# France to Spain - 1st Leg - Is it any good?



## Ian_n_Suzy (Feb 15, 2009)

Hi,

From information gained from this forum, be it in PM`s, recommended Books or past posts, we have been working on our upcoming 6 week journey to France & Spain and have thus far come up with the following as our draft itinerary (though the dates and places are flexible).

I would be really appreciative of any further help, advice or info regarding the 1st leg of the proposed journey. If it helps we have 2 kids, 8 and 10 (strange names I know), I am 40 years old and Suzy is 25.........................................sorry I was dreaming, she is also 40.

We plan to make our way from Calais on July 24th to somewhere in the middle of the French Med Coast around 18 days later (Cavaliere ???)

In the first instance it is our proposed 1st leg that I am really looking for feedback on.

THANKS IN ADVANCE.
*
All the stops prior to Futuroscope are Aires from the book "All the Aires France".

Stop 1) Le Touquet

Stop 2) Le Crotoy (or Quend Plage Les Pins)

Stop 3) St Valery En Caux

Stop 4) La Mailleraye Sur Seine

Stop 5) Rugles

Stop 6) La Suze Sur Sarthe (maybe via Le Mans???)

Stop 7) Bouchmaine

Stop 8 ) Futuroscope (get here early and overnight in the Car Park at the end of the day)

From here we was hoping to travel to a nice beach resort and stay on a commercial site for 3 or so days. Possibly at Il de Re ???, or somewhere else in this vicinity???

CHEERS*


----------



## wooly (Oct 3, 2007)

Hi - Looks ok for Day1 - Where too on day2?!


----------



## Ian_n_Suzy (Feb 15, 2009)

wooly said:


> Hi - Looks ok for Day1 - Where too on day2?!
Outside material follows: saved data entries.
(* Let $q=p^e$ with $p$ an odd prime and $e\ge2$ even. Let $f\in\mathcal{RF}$ with $\varepsilon$ the sign of its Walsh transform. Let $\beta$ be a generator of $\mathbb{F}_q^*$, let $d_1,\dots,d_q$ be the elements of $\mathbb{F}_q$ with $d_q=0$, and let $G_2$ be the $(e+2)\times q$ matrix with first row $(1,\dots,1)$, second row $(f(d_1)+1,\dots,f(d_q)+1)$, and $(i+3)$-th row $(\mathrm{Tr}_{q/p}(\beta^id_1),\dots,\mathrm{Tr}_{q/p}(\beta^id_q))$ for $0\le i\le e-1$. Let $\mathcal{C}_f'$ be the $p$-ary code generated by $G_2'=[I_{e+2}:G_2]$. If $\varepsilon(\eta_0(-1))^{e/2}=1$, then $\mathcal{C}_f'$ has parameters $[p^e+e+2,\ e+2,\ p^e-p^{e-1}-(p-1)p^{\frac e2-1}+2]$; if $\varepsilon(\eta_0(-1))^{e/2}=-1$, then $\mathcal{C}_f'$ has parameters $[p^e+e+2,\ e+2,\ p^e-p^{e-1}-p^{\frac e2-1}+1]$. Moreover, $\mathcal{C}_f'^{\perp}$ has parameters $[p^e+e+2,\ p^e,\ 3]$ and is at least almost optimal according to the sphere-packing bound.
   Context: $\zeta_p=e^{2\pi i/p}$; $\mathrm{Tr}_{q/p}$ is the trace map from $\mathbb{F}_q$ to $\mathbb{F}_p$; $\eta_0$ is the quadratic character of $\mathbb{F}_p$; $p^*=(-1)^{(p-1)/2}p$ with $\sqrt{p^*}=\sqrt p$ if $p\equiv1\pmod 4$ and $\sqrt{-1}\sqrt p$ otherwise. Walsh transform of $f:\mathbb{F}_{p^e}\to\mathbb{F}_p$: $W_f(\beta)=\sum_x\zeta_p^{f(x)-\mathrm{Tr}_{p^e/p}(\beta x)}$; $f$ is weakly regular bent with sign $\varepsilon\in\{\pm1\}$ and dual $f^*:\mathbb{F}_{p^e}\to\mathbb{F}_p$ if $W_f(\beta)=\varepsilon\sqrt{p^*}^e\zeta_p^{f^*(\beta)}$ for all $\beta$. $\mathcal{RF}$ is the set of weakly regular bent $f$ with $f(0)=0$ and $f(ax)=a^hf(x)$ for all $a\in\mathbb{F}_p^*$, $x$, for some positive even $h$ with $\gcd(h-1,p-1)=1$. $G_2$ generates $\{(af(x)+\mathrm{Tr}_{q/p}(bx)+c)_{x\in\mathbb{F}_q}:a,c\in\mathbb{F}_p,b\in\mathbb{F}_q\}$. "At least almost optimal according to the sphere-packing bound" means the sphere-packing bound rules out a code with the same length and dimension and minimum distance $d+2$ (so the code is optimal or almost optimal). *)

theory Defs
  imports Complex_Main "HOL-Number_Theory.Number_Theory"
begin

text \<open>The finite field F_q is modelled by a finite field type 'a with CARD('a) = p^e;
  F_p is its prime subfield, the image of the naturals.\<close>

definition Fp :: "'a::field set" where
  "Fp = range of_nat"

definition toZ :: "'a::field \<Rightarrow> nat" where
  "toZ y = (LEAST k. of_nat k = y)"

definition zeta :: "nat \<Rightarrow> complex" where
  "zeta p = cis (2 * pi / real p)"

definition tr :: "nat \<Rightarrow> nat \<Rightarrow> 'a::field \<Rightarrow> 'a" where
  "tr p e x = (\<Sum>i<e. x ^ (p ^ i))"

definition walsh :: "nat \<Rightarrow> nat \<Rightarrow> ('a::{finite,field} \<Rightarrow> 'a) \<Rightarrow> 'a \<Rightarrow> complex" where
  "walsh p e f b = (\<Sum>x\<in>UNIV. zeta p ^ toZ (f x - tr p e (b * x)))"

definition sqrt_pstar :: "nat \<Rightarrow> complex" where
  "sqrt_pstar p = (if p mod 4 = 1 then complex_of_real (sqrt (real p))
                   else \<i> * complex_of_real (sqrt (real p)))"

definition weakly_regular_bent ::
  "nat \<Rightarrow> nat \<Rightarrow> ('a::{finite,field} \<Rightarrow> 'a) \<Rightarrow> int \<Rightarrow> ('a \<Rightarrow> 'a) \<Rightarrow> bool" where
  "weakly_regular_bent p e f \<epsilon> fstar \<longleftrightarrow>
     (\<forall>x. f x \<in> Fp) \<and> (\<forall>x. fstar x \<in> Fp) \<and> (\<epsilon> = 1 \<or> \<epsilon> = -1) \<and>
     (\<forall>b. walsh p e f b = of_int \<epsilon> * sqrt_pstar p ^ e * zeta p ^ toZ (fstar b))"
lol, we are thinking that will take us a week, so I hopes yer kidding.,


----------



## b16duv (Feb 14, 2006)

Ian_n_Suzy said:


> wooly said:
> 
> 
> > Hi - Looks ok for Day1 - Where too on day2?!
> ...


Our record is 21 hours, Edinburgh (Scotland) to Pau (Pyrenees) - and that includes the tunnel and all stops (for fuel). No kids that time though!

D


----------



## DABurleigh (May 9, 2005)

Both "extremes" above are entirely reasonable. But is does depend on your tour strategy and preferences, which you haven't divulged! 

Dave


----------



## Ian_n_Suzy (Feb 15, 2009)

b16duv said:


> Our record is 21 hours, Edinburgh (Scotland) to Pau (Pyrenees) - and that includes the tunnel and all stops (for fuel). No kids that time though!
> 
> D


That's some going - but I am not after breaking any records. More like "meandering", as anything more than 2 hours a time with our kids will drive me mad.
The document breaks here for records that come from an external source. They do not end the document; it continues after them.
lemma AE_XWJ_law_support:
  "AE q in XWJ_law. 0 < fst (fst q) \<and> fst (fst q) < snd (fst q) \<and> snd (fst q) < 1"
proof -
  define B where "B = {p :: real \<times> real. \<not> (0 < fst p \<and> fst p < snd p \<and> snd p < 1)}"
  have B: "B \<in> sets (borel \<Otimes>\<^sub>M borel)"
  proof -
    have "{p \<in> space (borel \<Otimes>\<^sub>M borel). \<not> (0 < fst p \<and> fst p < snd p \<and> snd p < (1::real))}
        \<in> sets (borel \<Otimes>\<^sub>M borel)"
      by measurable
    then show ?thesis
      by (simp add: B_def space_pair_measure)
  qed
  have density: "(\<lambda>(x, w). ennreal (if 0 < x \<and> x < w \<and> w < 1 then 6 * x else 0 :: real))
      \<in> borel_measurable (borel :: (real \<times> real) measure)"
    unfolding borel_prod[symmetric] by measurable
  interpret J: prob_space J_law
    unfolding J_law_def by (rule prob_space_measure_pmf)
  have B_borel: "B \<in> sets borel"
    using B unfolding borel_prod .
  have "emeasure XW_law B = 0"
    unfolding XW_law_def using B_borel density
    by (subst emeasure_density) (auto simp: borel_prod B_def intro!: nn_integral_zero' AE_I2 split: prod.splits)
  then have "emeasure XWJ_law (B \<times> UNIV) = 0"
    using B_borel unfolding XWJ_law_def
    by (subst J.emeasure_pair_measure_Times) (auto simp: XW_law_def J_law_def)
  moreover have "B \<times> UNIV \<in> sets XWJ_law"
    using B by (simp add: sets_XWJ_law)
  ultimately show ?thesis
    by (intro AE_I'[of "B \<times> UNIV"]) (auto simp: B_def null_sets_def)
qed

lemma hfun_bound:
  assumes "0 < x" "x < w" "w < 1"
  shows "\<bar>hfun j x w\<bar> \<le> 5"
proof -
  have prod_le_4: "0 \<le> u * v \<and> u * v \<le> 4" if "0 \<le> u" "u \<le> 2" "0 \<le> v" "v \<le> 2" for u v :: real
    using that mult_mono[of u 2 v 2] by auto
  show ?thesis
    unfolding hfun_def
    using assms prod_le_4[of w "2 - x - w"] prod_le_4[of "1 + x - w" "2 * w - x"] prod_le_4[of "1 - x" "x + w"]
    by auto
qed

lemma measurable_hfun[measurable (raw)]:
  assumes "j \<in> measurable M (count_space UNIV)" "x \<in> borel_measurable M" "w \<in> borel_measurable M"
  shows "(\<lambda>\<omega>. hfun (j \<omega>) (x \<omega>) (w \<omega>)) \<in> borel_measurable M"
  unfolding hfun_def using assms by measurable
As an example, on our last outing our Daughter ( 8 ) asked "Are we nearly there yet ?" just as we were leaving our local Morrisons after stopping for a few supplies.


----------



## b16duv (Feb 14, 2006)

Ian_n_Suzy said:


> b16duv said:
> 
> 
> > Our record is 21 hours, Edinburgh (Scotland) to Pau (Pyrenees) - and that includes the tunnel and all stops (for fuel). No kids that time though!
> ...


To be fair, well honest, we were in a hired LWB Sprinter van loaded with furniture. It took a week to come home though, funnily enough via the Ile de Re!

D


----------



## Ian_n_Suzy (Feb 15, 2009)

DABurleigh said:


> Both "extremes" above are entirely reasonable. But is does depend on your tour strategy and preferences, which you haven't divulged!
> 
> Dave


In its simplest form

22nd July - Leave Home bound for Dover

24th July - Arrive Calais (midday)

2 or 3 weeks later - Arrive Somewhere along the Med Coast (Cavaliere ??, Antibes ??)

18th August - 30th August - We are booked onto sites on the Costa Brava

3rd September - Calais

We are just planning the first part at the mo en route to the French Med.

* If we stopped one night at each of the listed stops in the Original Post, would that be any good as a start? *

CHEERS


----------



## DABurleigh (May 9, 2005)

Ian, or Suzy,

When my children were that age, holidays started when we arrived at a site with all facilities/ activities, finished when we left, and we minimised time in between (sharing night driving but I'd be reluctant to do that again). You seem to be going out very slowly and coming back fast, so perhaps there is something else you are trying to achieve with the solution you are proposing.

Dave


----------



## lebesset (May 24, 2009)

why plan like that ....you don't know what the weather will be , nor how the kids will travel 

why not just buy the french Aires book to give you stops anywhere ,and plan on a daily basis ?


----------



## ned (Dec 12, 2006)

Hi Ian,

We have been on all those aires and they are all fine. I feel that you are going a bit slow really, but each to their own, is what I say. Personally we do the Calais to crotoy bit in about an hour and a half as we find the coast inbetween a bit boring. Suze sur sarthe is a great Aire with electric if you can get there before the crowd, it is on the wall of the toilet block . We find Dieppe a better stop than Valarie en caux as the town is good for shopping and there is a fantastic salt water swimming pool!!!!! You seem to be going at the high season and consequently you might find aires and camsites a bit full on the coast. We always look to spend the day on the beach and then go a little inland spo we can get some room and quiet.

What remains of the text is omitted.